Task brief:
Return the number of lines below with "moreover" in them, and nothing else.

Records supplied:
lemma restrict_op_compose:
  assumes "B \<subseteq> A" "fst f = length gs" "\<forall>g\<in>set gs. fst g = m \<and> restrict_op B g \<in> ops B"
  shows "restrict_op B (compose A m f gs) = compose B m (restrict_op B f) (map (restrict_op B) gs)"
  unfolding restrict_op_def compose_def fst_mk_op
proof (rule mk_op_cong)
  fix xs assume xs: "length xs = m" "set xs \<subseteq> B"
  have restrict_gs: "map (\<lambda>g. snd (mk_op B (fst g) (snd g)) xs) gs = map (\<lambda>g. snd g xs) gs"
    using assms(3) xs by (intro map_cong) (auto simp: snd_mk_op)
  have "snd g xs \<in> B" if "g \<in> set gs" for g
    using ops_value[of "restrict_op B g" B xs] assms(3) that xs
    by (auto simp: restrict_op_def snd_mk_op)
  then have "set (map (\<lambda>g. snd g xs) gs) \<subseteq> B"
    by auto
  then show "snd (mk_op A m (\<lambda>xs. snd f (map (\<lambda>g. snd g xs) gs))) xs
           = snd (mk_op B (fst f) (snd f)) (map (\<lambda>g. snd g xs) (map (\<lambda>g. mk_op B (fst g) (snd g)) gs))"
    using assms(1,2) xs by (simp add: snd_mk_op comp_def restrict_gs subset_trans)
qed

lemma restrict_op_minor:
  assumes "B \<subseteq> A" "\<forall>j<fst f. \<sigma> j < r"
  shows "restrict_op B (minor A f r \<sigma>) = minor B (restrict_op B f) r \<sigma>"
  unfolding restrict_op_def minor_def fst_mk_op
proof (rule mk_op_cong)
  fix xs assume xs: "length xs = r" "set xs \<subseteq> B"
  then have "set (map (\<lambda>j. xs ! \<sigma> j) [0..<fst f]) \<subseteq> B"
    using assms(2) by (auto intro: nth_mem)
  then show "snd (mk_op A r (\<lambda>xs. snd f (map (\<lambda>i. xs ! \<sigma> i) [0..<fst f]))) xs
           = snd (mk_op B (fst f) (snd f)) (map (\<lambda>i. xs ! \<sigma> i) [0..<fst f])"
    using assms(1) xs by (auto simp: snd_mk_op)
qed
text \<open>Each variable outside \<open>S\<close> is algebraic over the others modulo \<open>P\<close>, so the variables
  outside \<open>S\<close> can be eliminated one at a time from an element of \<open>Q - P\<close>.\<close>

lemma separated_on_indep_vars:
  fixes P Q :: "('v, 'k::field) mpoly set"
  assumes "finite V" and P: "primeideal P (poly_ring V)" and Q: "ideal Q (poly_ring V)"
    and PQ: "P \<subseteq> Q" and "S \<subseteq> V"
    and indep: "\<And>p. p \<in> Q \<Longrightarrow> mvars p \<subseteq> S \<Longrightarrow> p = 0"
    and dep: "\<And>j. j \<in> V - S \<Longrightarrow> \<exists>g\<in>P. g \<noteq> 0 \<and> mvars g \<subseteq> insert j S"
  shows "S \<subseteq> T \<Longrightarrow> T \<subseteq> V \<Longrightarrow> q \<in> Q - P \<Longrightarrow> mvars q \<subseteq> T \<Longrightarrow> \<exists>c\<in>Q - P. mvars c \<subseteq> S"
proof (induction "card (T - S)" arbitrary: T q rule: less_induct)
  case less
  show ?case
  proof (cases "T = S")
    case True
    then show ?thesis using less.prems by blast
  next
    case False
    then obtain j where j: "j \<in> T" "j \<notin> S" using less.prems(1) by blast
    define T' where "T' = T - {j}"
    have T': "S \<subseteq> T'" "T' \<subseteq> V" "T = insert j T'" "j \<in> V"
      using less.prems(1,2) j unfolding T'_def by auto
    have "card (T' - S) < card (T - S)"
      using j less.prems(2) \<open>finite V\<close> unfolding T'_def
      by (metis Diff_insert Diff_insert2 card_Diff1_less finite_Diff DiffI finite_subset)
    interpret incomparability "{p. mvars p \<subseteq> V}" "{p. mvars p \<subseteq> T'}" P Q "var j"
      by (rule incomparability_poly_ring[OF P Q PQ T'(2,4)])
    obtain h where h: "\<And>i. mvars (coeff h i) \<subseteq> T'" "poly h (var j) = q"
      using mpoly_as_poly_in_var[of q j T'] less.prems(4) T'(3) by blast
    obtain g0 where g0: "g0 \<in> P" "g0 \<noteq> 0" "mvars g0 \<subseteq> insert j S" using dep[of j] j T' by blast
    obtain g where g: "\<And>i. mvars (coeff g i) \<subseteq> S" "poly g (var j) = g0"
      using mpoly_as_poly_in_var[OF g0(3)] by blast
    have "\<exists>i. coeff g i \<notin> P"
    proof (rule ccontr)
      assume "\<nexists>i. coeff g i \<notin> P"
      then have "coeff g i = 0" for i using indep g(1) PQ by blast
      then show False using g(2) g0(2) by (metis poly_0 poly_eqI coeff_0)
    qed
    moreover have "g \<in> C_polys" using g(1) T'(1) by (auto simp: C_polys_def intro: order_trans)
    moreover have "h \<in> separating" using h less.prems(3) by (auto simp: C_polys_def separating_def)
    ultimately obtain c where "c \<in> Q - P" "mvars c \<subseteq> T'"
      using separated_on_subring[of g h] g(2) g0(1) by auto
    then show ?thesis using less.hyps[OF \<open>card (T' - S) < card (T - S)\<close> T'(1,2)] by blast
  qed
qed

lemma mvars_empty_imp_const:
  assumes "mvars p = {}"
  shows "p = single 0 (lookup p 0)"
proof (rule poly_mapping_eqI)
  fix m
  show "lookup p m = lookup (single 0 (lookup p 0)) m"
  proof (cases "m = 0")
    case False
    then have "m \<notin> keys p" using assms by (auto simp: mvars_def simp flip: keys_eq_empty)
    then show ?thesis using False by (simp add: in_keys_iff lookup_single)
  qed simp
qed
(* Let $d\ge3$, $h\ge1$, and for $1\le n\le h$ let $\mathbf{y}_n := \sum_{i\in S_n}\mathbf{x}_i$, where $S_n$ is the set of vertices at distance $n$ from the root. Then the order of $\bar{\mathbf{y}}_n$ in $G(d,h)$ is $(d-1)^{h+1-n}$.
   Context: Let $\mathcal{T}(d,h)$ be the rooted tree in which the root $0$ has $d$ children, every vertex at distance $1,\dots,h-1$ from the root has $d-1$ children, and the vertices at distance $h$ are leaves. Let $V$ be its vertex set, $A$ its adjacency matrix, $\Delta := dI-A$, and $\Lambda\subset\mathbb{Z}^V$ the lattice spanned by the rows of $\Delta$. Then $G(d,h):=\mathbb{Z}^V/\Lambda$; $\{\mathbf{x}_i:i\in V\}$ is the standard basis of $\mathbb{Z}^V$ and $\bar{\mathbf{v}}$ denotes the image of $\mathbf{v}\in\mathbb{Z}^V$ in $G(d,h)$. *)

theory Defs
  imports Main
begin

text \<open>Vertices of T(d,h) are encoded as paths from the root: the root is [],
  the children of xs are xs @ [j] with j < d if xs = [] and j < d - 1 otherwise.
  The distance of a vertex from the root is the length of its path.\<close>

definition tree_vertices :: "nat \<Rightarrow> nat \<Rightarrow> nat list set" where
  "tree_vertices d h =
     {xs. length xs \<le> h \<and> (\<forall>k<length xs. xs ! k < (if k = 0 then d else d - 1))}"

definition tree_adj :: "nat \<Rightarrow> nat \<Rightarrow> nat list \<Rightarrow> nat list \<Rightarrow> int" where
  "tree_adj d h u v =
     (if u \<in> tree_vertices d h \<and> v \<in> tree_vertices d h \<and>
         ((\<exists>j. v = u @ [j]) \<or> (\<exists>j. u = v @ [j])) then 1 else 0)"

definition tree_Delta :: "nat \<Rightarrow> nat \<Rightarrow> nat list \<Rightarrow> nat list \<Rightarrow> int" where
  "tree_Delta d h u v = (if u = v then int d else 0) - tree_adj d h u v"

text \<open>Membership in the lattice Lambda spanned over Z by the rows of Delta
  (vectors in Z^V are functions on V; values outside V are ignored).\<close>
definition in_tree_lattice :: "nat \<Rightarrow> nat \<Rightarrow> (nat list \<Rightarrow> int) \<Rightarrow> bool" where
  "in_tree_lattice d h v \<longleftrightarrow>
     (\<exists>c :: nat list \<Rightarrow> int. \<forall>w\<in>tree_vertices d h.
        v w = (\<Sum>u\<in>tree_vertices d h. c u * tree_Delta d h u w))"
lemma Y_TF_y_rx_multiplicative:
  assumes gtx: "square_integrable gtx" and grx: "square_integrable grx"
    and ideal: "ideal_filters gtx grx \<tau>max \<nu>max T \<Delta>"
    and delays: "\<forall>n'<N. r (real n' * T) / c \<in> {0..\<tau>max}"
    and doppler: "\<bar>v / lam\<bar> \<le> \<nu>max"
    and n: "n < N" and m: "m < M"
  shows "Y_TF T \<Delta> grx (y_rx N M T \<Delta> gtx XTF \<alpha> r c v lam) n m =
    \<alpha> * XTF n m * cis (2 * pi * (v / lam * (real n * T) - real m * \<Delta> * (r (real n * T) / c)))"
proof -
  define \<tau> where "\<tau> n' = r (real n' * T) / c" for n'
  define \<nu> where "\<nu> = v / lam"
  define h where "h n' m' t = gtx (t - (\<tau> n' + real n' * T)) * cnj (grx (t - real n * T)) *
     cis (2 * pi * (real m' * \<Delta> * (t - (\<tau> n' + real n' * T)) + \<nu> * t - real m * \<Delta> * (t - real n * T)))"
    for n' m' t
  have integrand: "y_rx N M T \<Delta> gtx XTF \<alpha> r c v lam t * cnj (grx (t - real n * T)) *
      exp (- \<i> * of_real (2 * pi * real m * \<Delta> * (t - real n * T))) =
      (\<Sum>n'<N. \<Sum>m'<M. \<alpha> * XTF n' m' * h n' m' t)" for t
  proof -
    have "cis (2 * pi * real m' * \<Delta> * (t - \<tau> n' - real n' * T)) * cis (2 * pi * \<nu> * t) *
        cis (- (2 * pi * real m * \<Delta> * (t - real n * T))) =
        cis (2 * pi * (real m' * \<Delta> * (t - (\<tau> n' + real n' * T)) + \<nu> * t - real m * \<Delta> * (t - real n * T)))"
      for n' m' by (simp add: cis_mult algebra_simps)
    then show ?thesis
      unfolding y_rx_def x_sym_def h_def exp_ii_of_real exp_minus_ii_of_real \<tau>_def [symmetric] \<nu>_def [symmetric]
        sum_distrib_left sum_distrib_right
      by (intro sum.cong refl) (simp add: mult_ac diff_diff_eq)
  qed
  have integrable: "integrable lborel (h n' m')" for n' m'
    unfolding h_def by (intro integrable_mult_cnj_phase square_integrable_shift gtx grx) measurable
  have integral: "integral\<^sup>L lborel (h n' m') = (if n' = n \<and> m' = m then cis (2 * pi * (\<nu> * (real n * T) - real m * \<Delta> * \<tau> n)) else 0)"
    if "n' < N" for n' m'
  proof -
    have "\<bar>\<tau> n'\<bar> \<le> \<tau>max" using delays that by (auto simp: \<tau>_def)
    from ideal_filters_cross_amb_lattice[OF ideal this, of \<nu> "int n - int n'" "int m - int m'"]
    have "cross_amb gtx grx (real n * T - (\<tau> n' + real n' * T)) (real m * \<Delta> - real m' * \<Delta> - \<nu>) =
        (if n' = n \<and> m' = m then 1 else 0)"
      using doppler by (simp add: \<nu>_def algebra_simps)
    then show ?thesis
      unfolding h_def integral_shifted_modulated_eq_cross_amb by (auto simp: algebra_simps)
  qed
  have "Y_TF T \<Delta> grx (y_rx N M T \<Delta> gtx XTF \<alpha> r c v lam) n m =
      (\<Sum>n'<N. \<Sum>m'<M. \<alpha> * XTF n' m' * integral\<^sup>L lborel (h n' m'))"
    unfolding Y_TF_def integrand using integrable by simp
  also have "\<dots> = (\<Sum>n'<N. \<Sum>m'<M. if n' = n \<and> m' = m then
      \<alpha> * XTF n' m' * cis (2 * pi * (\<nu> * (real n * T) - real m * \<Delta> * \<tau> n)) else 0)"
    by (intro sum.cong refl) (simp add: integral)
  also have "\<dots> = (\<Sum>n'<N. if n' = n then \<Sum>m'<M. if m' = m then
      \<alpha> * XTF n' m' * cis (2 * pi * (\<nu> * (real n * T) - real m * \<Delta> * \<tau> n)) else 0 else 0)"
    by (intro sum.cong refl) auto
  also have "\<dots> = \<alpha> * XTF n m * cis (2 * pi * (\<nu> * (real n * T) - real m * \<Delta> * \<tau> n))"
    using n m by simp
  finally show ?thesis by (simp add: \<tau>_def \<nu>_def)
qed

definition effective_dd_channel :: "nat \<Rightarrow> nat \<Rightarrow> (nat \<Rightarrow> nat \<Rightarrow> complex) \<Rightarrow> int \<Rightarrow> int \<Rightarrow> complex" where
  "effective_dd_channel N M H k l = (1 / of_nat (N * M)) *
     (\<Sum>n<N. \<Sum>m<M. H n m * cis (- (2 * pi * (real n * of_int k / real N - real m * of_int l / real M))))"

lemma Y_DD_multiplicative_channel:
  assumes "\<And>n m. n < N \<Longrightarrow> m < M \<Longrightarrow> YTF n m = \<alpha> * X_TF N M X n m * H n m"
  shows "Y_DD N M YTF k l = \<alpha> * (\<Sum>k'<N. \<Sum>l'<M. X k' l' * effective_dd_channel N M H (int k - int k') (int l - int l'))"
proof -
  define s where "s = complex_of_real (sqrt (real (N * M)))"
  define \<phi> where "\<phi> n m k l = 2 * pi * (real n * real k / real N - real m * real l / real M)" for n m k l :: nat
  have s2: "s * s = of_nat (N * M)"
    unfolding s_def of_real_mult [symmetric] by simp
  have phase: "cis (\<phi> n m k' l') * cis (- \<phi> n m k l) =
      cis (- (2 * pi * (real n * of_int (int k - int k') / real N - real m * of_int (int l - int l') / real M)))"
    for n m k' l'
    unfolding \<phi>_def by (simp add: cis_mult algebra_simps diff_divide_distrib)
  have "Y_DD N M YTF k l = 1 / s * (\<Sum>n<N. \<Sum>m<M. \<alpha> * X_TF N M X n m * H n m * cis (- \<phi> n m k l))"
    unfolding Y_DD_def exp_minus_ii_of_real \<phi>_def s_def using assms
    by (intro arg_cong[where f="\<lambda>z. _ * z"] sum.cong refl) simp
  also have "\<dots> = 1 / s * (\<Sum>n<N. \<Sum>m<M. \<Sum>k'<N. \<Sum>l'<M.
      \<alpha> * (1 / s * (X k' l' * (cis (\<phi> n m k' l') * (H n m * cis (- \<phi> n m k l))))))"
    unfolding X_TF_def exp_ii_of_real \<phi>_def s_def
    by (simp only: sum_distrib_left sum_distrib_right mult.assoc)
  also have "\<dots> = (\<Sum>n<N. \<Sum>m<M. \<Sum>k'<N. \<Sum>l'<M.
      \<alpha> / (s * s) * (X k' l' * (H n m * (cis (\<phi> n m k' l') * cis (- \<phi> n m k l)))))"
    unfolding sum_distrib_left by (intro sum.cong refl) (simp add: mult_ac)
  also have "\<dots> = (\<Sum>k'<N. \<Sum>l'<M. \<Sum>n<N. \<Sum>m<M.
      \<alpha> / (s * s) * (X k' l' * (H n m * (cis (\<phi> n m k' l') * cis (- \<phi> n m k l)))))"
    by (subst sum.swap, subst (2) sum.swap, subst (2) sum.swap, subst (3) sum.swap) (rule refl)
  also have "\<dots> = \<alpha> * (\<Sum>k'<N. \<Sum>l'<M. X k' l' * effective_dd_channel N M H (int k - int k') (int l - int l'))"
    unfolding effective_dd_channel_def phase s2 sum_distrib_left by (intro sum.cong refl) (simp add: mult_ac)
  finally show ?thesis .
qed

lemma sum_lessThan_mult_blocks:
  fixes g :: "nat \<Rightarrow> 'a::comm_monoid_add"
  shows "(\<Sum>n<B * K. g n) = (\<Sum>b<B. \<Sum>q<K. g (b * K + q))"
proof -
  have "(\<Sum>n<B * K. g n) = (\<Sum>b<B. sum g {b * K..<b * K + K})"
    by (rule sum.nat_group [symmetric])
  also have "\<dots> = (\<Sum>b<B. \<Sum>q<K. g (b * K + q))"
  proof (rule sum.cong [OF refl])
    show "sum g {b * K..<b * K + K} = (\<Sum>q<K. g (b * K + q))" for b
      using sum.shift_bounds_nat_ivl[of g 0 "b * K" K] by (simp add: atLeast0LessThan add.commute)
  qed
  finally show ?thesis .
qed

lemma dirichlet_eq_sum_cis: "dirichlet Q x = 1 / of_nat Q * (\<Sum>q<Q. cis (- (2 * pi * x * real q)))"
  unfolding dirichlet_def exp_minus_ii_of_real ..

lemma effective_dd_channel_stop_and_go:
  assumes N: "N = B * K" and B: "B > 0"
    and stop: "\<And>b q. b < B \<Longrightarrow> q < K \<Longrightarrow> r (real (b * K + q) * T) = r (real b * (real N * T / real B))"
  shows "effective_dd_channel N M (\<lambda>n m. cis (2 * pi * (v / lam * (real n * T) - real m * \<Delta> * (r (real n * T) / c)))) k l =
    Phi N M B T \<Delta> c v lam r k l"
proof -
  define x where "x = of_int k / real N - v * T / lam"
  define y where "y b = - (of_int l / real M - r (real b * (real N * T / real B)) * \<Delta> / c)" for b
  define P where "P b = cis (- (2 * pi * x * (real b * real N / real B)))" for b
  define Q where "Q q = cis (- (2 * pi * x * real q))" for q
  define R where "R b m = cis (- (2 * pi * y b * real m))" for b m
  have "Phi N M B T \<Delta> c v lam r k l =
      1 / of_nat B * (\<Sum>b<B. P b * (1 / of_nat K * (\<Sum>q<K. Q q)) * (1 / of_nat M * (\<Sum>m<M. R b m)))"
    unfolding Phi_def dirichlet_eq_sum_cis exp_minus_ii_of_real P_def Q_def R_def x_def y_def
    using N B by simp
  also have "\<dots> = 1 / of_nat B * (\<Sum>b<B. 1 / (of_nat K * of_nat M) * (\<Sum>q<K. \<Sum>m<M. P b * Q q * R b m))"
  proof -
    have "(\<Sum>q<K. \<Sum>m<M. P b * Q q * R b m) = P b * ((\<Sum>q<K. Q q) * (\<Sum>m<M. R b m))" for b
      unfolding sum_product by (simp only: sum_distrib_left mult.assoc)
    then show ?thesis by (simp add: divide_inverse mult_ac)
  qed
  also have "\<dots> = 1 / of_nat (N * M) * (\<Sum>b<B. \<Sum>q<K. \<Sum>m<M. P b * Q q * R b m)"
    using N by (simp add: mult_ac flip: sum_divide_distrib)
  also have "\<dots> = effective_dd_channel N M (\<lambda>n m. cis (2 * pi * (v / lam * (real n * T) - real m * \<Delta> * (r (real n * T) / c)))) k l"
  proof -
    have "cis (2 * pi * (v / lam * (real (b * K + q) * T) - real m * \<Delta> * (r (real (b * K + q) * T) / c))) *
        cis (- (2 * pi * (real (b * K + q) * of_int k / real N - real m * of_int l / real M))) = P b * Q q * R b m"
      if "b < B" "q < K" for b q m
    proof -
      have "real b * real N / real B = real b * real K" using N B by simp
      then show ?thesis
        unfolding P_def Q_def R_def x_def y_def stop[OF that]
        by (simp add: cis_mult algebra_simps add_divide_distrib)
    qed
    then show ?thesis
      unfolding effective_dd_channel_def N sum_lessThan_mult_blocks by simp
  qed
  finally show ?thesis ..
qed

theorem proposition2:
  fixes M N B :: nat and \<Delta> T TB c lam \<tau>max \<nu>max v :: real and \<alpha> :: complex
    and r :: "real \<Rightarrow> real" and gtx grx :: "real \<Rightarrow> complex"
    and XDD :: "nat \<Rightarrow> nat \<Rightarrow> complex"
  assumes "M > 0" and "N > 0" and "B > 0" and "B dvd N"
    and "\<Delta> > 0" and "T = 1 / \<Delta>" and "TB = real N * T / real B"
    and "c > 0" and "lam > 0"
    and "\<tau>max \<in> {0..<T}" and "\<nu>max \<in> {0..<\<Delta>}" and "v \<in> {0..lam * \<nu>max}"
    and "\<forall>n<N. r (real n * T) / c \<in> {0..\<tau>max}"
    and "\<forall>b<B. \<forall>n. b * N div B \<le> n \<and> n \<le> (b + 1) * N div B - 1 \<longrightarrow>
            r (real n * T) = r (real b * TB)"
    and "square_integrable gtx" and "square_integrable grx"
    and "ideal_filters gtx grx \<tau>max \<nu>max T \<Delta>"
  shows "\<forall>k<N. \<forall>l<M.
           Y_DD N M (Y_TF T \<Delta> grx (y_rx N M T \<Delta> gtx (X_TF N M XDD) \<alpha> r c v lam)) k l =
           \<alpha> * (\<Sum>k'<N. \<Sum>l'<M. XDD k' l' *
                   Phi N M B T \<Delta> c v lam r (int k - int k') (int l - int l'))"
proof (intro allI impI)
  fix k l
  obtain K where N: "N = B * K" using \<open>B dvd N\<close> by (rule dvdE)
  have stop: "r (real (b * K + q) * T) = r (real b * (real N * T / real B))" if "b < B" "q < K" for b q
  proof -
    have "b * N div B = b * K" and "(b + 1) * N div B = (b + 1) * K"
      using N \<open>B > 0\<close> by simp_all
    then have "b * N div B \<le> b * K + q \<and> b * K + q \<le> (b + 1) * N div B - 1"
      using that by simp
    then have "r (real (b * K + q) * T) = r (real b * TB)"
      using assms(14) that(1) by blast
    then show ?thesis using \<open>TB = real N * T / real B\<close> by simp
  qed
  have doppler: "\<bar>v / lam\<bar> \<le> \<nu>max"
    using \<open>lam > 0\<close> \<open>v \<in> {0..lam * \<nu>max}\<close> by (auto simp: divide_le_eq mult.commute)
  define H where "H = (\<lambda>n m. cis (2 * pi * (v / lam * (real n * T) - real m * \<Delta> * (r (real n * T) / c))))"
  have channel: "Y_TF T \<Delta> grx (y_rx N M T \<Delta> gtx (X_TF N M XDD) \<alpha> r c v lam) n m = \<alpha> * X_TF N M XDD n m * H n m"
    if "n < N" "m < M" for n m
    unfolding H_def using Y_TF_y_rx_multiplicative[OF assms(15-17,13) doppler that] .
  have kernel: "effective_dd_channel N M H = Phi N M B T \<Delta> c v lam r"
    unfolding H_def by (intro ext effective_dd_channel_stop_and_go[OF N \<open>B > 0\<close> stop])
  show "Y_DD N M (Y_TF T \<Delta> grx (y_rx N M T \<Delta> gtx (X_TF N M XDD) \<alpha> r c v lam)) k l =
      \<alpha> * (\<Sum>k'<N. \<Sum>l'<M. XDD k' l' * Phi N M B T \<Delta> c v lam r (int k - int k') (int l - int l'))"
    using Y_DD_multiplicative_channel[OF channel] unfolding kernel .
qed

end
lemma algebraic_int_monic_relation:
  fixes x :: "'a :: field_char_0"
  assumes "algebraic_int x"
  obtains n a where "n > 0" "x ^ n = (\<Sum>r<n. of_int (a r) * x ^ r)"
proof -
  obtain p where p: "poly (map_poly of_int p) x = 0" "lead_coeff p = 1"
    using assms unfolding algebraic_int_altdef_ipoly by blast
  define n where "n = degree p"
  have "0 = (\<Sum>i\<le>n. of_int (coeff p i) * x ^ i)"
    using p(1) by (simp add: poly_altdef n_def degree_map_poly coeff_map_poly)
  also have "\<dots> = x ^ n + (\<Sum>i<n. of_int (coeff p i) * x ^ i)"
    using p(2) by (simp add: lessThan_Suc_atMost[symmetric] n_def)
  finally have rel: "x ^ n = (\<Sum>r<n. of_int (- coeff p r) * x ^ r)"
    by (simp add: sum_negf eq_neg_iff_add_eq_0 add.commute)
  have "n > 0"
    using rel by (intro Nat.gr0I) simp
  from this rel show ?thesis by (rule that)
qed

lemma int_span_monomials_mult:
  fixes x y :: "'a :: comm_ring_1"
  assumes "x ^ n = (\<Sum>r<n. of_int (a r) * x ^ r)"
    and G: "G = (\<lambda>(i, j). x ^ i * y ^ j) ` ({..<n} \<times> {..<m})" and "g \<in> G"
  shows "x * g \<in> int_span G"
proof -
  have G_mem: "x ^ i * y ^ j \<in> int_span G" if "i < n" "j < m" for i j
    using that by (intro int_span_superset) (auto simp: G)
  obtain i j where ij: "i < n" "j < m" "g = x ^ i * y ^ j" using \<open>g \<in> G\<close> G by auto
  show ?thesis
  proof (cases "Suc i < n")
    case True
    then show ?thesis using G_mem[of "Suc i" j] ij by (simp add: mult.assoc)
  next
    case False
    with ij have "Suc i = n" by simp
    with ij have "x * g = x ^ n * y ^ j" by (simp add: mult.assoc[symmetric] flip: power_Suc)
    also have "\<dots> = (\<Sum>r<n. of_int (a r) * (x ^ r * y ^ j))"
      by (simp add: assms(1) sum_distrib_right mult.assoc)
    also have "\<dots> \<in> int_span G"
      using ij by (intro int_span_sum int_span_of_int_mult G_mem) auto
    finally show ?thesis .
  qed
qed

Final answer:
2